As you know, Mr. Chairman, the purpose of the VA and community nursing bed care program was to purge high cost acute care beds of veterans whose condition has been stabilized to the point where nursing care only is required. As we approach the aged 65 or older problem projected in the McKinsey study and report, greater numbers of eligible veterans will be in need of extended or chronic care that should be provided only by nursing or intermediate lower cost care facilities.

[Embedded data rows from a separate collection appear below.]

lemma outer_measure_le_cover_sum_add:
  assumes "outer_measurable C" and "outer_measurable Y" and "C \<subseteq> X \<union> Y" and "t \<in> cover_sums X"
  shows "outer_measure C \<le> t + outer_measure Y"
proof (rule lc_le_of_forall_pos)
  fix e :: lc assume "0 < e"
  then obtain u where "u \<in> cover_sums (X \<union> Y)" and "u < t + outer_measure Y + e"
    using cover_sums_Un_approx[OF assms(4,2)] by blast
  with assms(1,3) show "outer_measure C \<le> t + outer_measure Y + e"
    using outer_measure_le cover_sums_antimono by (meson less_imp_le order_trans subsetD)
qed

lemma outer_measure_diff_eqI:
  assumes "outer_measurable C" and "outer_measurable Y" and "C \<subseteq> X \<union> Y"
    and "\<And>e. 0 < e \<Longrightarrow> \<exists>t\<in>cover_sums X. t < outer_measure C - outer_measure Y + e"
  shows "outer_measurable X \<and> outer_measure X = outer_measure C - outer_measure Y"
proof (rule outer_measure_eqI)
  fix t assume "t \<in> cover_sums X"
  then show "outer_measure C - outer_measure Y \<le> t"
    using outer_measure_le_cover_sum_add[OF assms(1-3)] by (simp add: algebra_simps)
qed (fact assms(4))

section \<open>The outer measure of an interval is its length\<close>

lemma lc_monom_diff_lc_monom: "(x + lc_monom c p) - (x + lc_monom c' p) = lc_monom (c - c') p"
  by (rule lc_eqI) (simp add: coeff_lc_monom)

lemma lc_monom_eq_of_mem_interval:
  assumes "lc_is_interval I" and "vanishes_upto p (lc_length I)"
    and "x + lc_monom c p \<in> I" and "x + lc_monom c' p \<in> I"
  shows "c = c'"
proof -
  define d where "d = (x + lc_monom c p) - (x + lc_monom c' p)"
  have "d \<le> lc_length I"
    unfolding d_def using assms(1,3,4) by (rule lc_length_diff_le)
  moreover have "- d \<le> lc_length I"
    unfolding d_def minus_diff_eq using assms(1,4,3) by (rule lc_length_diff_le)
  ultimately have "vanishes_upto p d"
    using vanishes_upto_le[of d] vanishes_upto_le[of "- d"] assms(2) by (cases "0 \<le> d") auto
  then have "vanishes_upto p (lc_monom (c - c') p)"
    unfolding d_def lc_monom_diff_lc_monom .
  then show "c = c'"
    using not_vanishes_upto_lc_monom[of "c - c'" p] by auto
qed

In the March 1975 preliminary report, the VA reported a waiting list of 576 for admission to its nursing bed care service. The budget authority for fiscal year 1976, under the Construction, Major Projects Appropriation, would provide funds for 9 nursing home care projects with a total bed capacity of 1050.

We believe the foregoing leads to the conclusion that the minimum nursing care bed level under section 5001 (a) (3) should be increased.

H.R. 3346-A bill to amend title 38, United States Code, to establish a priority for the furnishing of outpatient medical treatment to veterans with serviceconnected disabilities.

Under the authority of section 621 (a) of this title, 38 CFR 17.49 sets forth the Veterans Administration policy on priorities for admission to hospital, nursing home and domiciliary care.

In late 1972, the VA Chief Medical Director's Task Force on Admission Service recommended that procedures should be instituted so that every service-connected veteran receives VIP processing whenever he presents himself.

With the rapid expansion of the ambulatory care program, it has been our observation that veterans with service-connected disabilities requiring treatment must take their turn with the nonservice-connected patient.

We support the concept that those who require medical care for serviceconnected conditions should receive priority consideration in the ambulatory care service. Of course, those who present themselves under emergent or urgent conditions, should receive primary attention regardless of connection to service. Although the Chief Medical Director has effected this administratively, we urge its addition to 38 USC 521.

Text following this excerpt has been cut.